[Data for this task]
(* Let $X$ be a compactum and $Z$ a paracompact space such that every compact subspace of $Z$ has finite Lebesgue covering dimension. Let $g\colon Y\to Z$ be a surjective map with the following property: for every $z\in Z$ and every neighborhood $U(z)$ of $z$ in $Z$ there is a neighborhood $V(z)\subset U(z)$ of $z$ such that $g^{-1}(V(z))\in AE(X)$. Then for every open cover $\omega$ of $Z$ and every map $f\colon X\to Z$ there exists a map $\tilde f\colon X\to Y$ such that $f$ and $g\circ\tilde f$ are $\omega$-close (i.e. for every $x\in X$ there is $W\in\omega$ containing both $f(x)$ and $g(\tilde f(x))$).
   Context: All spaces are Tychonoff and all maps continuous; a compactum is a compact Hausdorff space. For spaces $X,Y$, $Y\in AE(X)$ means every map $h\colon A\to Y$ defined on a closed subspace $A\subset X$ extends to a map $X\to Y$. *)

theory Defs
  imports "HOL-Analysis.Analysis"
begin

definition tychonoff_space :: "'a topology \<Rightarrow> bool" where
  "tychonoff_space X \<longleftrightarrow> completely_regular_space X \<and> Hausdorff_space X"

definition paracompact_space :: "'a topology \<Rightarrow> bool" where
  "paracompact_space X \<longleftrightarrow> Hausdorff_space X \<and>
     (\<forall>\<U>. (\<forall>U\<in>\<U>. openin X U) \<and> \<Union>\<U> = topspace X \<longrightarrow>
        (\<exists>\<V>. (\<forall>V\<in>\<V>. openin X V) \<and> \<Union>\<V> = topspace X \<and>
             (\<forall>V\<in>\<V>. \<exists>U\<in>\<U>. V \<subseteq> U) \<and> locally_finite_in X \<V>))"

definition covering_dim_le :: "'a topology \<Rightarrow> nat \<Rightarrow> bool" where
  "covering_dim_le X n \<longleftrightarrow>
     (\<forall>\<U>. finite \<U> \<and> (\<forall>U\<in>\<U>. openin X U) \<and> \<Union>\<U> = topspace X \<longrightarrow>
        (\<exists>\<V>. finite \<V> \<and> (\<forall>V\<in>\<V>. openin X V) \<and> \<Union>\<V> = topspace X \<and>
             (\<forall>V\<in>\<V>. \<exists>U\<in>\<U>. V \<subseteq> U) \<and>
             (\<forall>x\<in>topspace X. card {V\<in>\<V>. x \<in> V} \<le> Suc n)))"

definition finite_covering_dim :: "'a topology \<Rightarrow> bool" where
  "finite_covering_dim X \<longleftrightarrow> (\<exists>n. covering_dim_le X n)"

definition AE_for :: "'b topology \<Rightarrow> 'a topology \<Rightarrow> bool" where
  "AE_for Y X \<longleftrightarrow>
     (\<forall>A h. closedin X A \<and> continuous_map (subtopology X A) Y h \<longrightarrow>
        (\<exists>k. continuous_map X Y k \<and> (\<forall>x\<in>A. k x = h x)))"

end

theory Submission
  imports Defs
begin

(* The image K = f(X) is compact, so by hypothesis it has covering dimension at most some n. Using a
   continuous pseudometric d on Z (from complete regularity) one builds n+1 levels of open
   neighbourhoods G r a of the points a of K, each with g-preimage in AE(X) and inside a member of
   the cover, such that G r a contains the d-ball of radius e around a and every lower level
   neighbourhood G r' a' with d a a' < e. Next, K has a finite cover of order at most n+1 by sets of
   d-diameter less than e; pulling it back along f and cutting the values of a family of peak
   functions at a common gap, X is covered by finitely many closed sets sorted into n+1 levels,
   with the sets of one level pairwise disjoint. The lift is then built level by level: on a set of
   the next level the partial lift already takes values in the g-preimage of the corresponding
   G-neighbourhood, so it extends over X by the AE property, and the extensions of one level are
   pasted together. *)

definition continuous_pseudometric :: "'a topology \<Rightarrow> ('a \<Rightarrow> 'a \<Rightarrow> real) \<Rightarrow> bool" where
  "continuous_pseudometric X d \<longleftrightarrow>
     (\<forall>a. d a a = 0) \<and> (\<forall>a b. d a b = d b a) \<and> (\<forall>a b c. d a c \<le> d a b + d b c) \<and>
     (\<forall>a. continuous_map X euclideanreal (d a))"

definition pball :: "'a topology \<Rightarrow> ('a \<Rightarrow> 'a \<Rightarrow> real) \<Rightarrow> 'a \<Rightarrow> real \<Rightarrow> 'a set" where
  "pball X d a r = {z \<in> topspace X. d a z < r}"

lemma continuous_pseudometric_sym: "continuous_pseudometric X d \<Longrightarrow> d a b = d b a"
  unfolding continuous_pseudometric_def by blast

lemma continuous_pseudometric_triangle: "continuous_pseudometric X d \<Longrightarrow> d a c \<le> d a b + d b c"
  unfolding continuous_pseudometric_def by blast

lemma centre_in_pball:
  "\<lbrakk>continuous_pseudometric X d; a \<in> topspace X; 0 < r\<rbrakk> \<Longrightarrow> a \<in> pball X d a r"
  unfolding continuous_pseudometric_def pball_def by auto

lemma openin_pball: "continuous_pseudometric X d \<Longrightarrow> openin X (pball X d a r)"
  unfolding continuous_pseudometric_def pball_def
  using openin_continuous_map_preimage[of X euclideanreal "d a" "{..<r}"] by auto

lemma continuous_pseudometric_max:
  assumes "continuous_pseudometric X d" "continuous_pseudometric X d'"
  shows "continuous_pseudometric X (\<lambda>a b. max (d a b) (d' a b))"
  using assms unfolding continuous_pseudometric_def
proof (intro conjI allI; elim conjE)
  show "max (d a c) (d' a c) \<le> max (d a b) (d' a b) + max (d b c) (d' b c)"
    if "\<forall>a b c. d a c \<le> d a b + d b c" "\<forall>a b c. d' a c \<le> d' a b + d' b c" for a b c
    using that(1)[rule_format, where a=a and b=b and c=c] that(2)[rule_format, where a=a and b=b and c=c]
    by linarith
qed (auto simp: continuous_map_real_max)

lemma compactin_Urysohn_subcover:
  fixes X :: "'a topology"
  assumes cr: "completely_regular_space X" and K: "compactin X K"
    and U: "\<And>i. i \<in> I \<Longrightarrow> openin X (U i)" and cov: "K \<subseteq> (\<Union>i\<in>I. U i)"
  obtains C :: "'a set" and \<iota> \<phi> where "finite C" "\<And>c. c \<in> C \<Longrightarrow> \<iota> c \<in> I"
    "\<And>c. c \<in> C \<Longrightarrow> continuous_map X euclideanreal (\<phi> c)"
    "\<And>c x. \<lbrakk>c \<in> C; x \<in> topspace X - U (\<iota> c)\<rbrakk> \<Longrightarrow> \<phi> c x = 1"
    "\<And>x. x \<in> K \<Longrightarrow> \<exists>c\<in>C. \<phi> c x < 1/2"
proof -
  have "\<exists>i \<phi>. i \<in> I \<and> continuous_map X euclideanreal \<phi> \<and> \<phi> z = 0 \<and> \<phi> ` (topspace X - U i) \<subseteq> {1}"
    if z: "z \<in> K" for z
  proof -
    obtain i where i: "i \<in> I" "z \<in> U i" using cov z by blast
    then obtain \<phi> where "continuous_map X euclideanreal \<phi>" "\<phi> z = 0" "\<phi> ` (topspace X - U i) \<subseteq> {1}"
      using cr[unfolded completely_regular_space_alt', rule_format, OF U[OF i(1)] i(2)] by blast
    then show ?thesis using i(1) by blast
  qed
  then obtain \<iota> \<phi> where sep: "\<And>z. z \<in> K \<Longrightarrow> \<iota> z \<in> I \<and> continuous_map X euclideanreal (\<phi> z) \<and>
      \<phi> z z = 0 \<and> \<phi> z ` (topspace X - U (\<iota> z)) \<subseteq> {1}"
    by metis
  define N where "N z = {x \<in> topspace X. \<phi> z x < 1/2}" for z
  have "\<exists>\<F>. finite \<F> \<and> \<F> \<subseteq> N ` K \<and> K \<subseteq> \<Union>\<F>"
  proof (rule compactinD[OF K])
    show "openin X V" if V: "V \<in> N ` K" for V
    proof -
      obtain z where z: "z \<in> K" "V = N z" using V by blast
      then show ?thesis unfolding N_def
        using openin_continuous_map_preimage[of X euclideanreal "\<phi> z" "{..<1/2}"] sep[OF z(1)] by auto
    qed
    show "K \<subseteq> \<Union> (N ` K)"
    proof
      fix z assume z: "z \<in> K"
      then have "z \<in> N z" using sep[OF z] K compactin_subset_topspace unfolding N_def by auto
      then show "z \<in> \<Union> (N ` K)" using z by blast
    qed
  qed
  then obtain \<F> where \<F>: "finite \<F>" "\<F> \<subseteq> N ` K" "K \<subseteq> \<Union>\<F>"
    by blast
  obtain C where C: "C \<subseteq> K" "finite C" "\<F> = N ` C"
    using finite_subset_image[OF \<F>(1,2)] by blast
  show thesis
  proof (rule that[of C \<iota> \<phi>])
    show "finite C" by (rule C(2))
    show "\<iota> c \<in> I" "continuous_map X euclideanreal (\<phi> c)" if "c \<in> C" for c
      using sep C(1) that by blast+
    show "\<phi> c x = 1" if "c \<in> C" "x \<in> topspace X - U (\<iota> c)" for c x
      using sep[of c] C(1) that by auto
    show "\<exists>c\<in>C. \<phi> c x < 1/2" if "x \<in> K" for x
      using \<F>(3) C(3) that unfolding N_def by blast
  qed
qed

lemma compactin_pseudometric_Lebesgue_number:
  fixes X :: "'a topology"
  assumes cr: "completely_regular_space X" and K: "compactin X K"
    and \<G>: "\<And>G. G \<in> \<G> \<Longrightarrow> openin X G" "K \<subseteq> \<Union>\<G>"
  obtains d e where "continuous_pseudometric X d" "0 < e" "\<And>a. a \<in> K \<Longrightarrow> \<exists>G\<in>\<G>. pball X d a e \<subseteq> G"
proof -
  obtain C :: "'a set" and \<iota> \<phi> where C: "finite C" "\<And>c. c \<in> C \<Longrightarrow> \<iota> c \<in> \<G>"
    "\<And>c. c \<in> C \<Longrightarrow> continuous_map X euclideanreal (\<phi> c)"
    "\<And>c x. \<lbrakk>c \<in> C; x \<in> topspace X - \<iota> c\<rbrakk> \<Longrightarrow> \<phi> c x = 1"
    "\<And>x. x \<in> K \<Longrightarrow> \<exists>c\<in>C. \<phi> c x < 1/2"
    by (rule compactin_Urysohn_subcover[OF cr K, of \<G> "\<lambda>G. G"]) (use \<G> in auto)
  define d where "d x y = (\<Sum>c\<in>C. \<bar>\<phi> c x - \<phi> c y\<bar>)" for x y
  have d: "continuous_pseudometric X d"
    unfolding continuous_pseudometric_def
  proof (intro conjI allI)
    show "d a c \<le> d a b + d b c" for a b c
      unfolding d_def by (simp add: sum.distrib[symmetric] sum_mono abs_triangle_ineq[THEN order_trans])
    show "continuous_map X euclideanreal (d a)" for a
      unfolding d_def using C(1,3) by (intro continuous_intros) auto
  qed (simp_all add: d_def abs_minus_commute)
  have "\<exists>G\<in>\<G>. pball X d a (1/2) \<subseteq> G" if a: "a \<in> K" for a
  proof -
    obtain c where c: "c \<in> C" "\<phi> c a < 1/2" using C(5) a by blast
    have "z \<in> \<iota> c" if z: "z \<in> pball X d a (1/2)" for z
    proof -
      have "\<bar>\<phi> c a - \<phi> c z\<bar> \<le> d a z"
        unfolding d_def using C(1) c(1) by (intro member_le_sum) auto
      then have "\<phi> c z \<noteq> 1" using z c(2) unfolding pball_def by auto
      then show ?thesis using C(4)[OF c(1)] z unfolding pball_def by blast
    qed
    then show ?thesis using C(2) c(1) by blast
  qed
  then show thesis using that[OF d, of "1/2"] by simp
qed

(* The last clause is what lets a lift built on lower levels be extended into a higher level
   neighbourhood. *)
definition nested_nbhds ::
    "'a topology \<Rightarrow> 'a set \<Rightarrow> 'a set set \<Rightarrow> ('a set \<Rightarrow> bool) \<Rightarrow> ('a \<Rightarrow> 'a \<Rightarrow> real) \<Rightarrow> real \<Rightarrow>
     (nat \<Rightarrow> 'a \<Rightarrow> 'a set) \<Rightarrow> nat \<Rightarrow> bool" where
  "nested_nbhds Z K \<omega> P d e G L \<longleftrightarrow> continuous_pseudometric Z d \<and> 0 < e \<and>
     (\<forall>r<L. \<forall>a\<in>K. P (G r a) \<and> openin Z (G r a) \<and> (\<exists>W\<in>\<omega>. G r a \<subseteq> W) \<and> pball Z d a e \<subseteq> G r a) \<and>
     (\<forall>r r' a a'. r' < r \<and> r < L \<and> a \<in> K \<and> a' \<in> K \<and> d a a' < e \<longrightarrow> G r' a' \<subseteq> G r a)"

[Exercise brief]
Could you reproduce, exactly, every line above from the line with "X \<longleftrightarrow> (\<exists>n." to the line with "continuous pseudometric d", and no other line? Both ends count.

[Exercise solution]
  "finite_covering_dim X \<longleftrightarrow> (\<exists>n. covering_dim_le X n)"

definition AE_for :: "'b topology \<Rightarrow> 'a topology \<Rightarrow> bool" where
  "AE_for Y X \<longleftrightarrow>
     (\<forall>A h. closedin X A \<and> continuous_map (subtopology X A) Y h \<longrightarrow>
        (\<exists>k. continuous_map X Y k \<and> (\<forall>x\<in>A. k x = h x)))"

end

theory Submission
  imports Defs
begin

(* The image K = f(X) is compact, so by hypothesis it has covering dimension at most some n. Using a
   continuous pseudometric d on Z (from complete regularity) one builds n+1 levels of open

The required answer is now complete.